══ DATA RECORDS

(* Any sentence provable in $\mathit{HT}_{\#}$ can be derived in $\mathit{HT}_{\#2}^{\omega}$ from the axioms $D_0$.
   Context: $\sigma_2$ is the two-sorted signature (general, integer) with numerals, other precomputed terms (totally ordered, numerals contiguous), integer arithmetic, predicates $p/n$, comparisons, and predicate constants $\mathit{Atleast}^{\mathbf{X};\mathbf{V}}_F$, $\mathit{Atmost}^{\mathbf{X};\mathbf{V}}_F$, $\mathit{Start}^{\mathbf{X};\mathbf{V}}_F$. $D_0$: $\forall\mathbf{X}\mathbf{V}N(N\leq\overline 0\to\mathit{Start}^{\mathbf{X};\mathbf{V}}_F(\mathbf{X},\mathbf{V},N))$, $\forall\mathbf{X}\mathbf{V}(\mathit{Start}^{\mathbf{X};\mathbf{V}}_F(\mathbf{X},\mathbf{V},\overline 1)\leftrightarrow F)$, $\forall\mathbf{X}\mathbf{V}N(N>\overline 0\to(\mathit{Start}^{\mathbf{X};\mathbf{V}}_F(\mathbf{X},\mathbf{V},N+\overline 1)\leftrightarrow F\land\exists\mathbf{U}(\mathbf{X}<\mathbf{U}\land\mathit{Start}^{\mathbf{X};\mathbf{V}}_F(\mathbf{U},\mathbf{V},N))))$ ($<$ lexicographic). $D_1$: universal closures of $\mathit{Atleast}^{\mathbf{X};\mathbf{V}}_F(\mathbf{V},Y)\leftrightarrow\exists\mathbf{X}N(\mathit{Start}^{\mathbf{X};\mathbf{V}}_F(\mathbf{X},\mathbf{V},N)\land N\geq Y)$ and $\mathit{Atmost}^{\mathbf{X};\mathbf{V}}_F(\mathbf{V},Y)\leftrightarrow\forall\mathbf{X}N(\mathit{Start}^{\mathbf{X};\mathbf{V}}_F(\mathbf{X},\mathbf{V},N)\to N\leq Y)$. $\mathit{HT}_{\#}$ is first-order intuitionistic logic over $\sigma_2$ plus $F\lor(F\to G)\lor\neg G$, $\exists X(F\to\forall XF)$, Std (sentences without $p/n$ and without Atleast/Atmost/Start true in the standard interpretation), Ind (induction over nonnegative integers), $D_0$, $D_1$. $\mathit{HT}_{\#2}^{\omega}$ is intuitionistic natural deduction over $\sigma_2$ extended by $F\lor(F\to G)\lor\neg G$, $\exists X(F\to\forall XF)$, Std, Defs (the sentences $\forall\mathbf{V}(\mathit{Atleast}^{\mathbf{X};\mathbf{V}}_F(\mathbf{V},r)\leftrightarrow\exists_{\geq r}\mathbf{X}F)$, $\forall\mathbf{V}(\mathit{Atmost}^{\mathbf{X};\mathbf{V}}_F(\mathbf{V},r)\leftrightarrow\exists_{\leq r}\mathbf{X}F)$ for each precomputed term $r$, with $\exists_{\geq r}$/$\exists_{\leq r}$ the first-order "at least/at most $r$ values" expansions) and the $\omega$-rules (infer $\Gamma\Rightarrow\forall XF$ from $\Gamma\Rightarrow F^X_t$ for all precomputed $t$; infer $\Gamma\Rightarrow\forall NF$ from $\Gamma\Rightarrow F^N_{\overline n}$ for all integers $n$). *)

theory Defs
  imports Main
begin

════

> **WORK TO COMPLETE**:
Please give back all of the records exactly as written.

> **THE COMPLETED TASK**:
(* Any sentence provable in $\mathit{HT}_{\#}$ can be derived in $\mathit{HT}_{\#2}^{\omega}$ from the axioms $D_0$.
   Context: $\sigma_2$ is the two-sorted signature (general, integer) with numerals, other precomputed terms (totally ordered, numerals contiguous), integer arithmetic, predicates $p/n$, comparisons, and predicate constants $\mathit{Atleast}^{\mathbf{X};\mathbf{V}}_F$, $\mathit{Atmost}^{\mathbf{X};\mathbf{V}}_F$, $\mathit{Start}^{\mathbf{X};\mathbf{V}}_F$. $D_0$: $\forall\mathbf{X}\mathbf{V}N(N\leq\overline 0\to\mathit{Start}^{\mathbf{X};\mathbf{V}}_F(\mathbf{X},\mathbf{V},N))$, $\forall\mathbf{X}\mathbf{V}(\mathit{Start}^{\mathbf{X};\mathbf{V}}_F(\mathbf{X},\mathbf{V},\overline 1)\leftrightarrow F)$, $\forall\mathbf{X}\mathbf{V}N(N>\overline 0\to(\mathit{Start}^{\mathbf{X};\mathbf{V}}_F(\mathbf{X},\mathbf{V},N+\overline 1)\leftrightarrow F\land\exists\mathbf{U}(\mathbf{X}<\mathbf{U}\land\mathit{Start}^{\mathbf{X};\mathbf{V}}_F(\mathbf{U},\mathbf{V},N))))$ ($<$ lexicographic). $D_1$: universal closures of $\mathit{Atleast}^{\mathbf{X};\mathbf{V}}_F(\mathbf{V},Y)\leftrightarrow\exists\mathbf{X}N(\mathit{Start}^{\mathbf{X};\mathbf{V}}_F(\mathbf{X},\mathbf{V},N)\land N\geq Y)$ and $\mathit{Atmost}^{\mathbf{X};\mathbf{V}}_F(\mathbf{V},Y)\leftrightarrow\forall\mathbf{X}N(\mathit{Start}^{\mathbf{X};\mathbf{V}}_F(\mathbf{X},\mathbf{V},N)\to N\leq Y)$. $\mathit{HT}_{\#}$ is first-order intuitionistic logic over $\sigma_2$ plus $F\lor(F\to G)\lor\neg G$, $\exists X(F\to\forall XF)$, Std (sentences without $p/n$ and without Atleast/Atmost/Start true in the standard interpretation), Ind (induction over nonnegative integers), $D_0$, $D_1$. $\mathit{HT}_{\#2}^{\omega}$ is intuitionistic natural deduction over $\sigma_2$ extended by $F\lor(F\to G)\lor\neg G$, $\exists X(F\to\forall XF)$, Std, Defs (the sentences $\forall\mathbf{V}(\mathit{Atleast}^{\mathbf{X};\mathbf{V}}_F(\mathbf{V},r)\leftrightarrow\exists_{\geq r}\mathbf{X}F)$, $\forall\mathbf{V}(\mathit{Atmost}^{\mathbf{X};\mathbf{V}}_F(\mathbf{V},r)\leftrightarrow\exists_{\leq r}\mathbf{X}F)$ for each precomputed term $r$, with $\exists_{\geq r}$/$\exists_{\leq r}$ the first-order "at least/at most $r$ values" expansions) and the $\omega$-rules (infer $\Gamma\Rightarrow\forall XF$ from $\Gamma\Rightarrow F^X_t$ for all precomputed $t$; infer $\Gamma\Rightarrow\forall NF$ from $\Gamma\Rightarrow F^N_{\overline n}$ for all integers $n$). *)

theory Defs
  imports Main
begin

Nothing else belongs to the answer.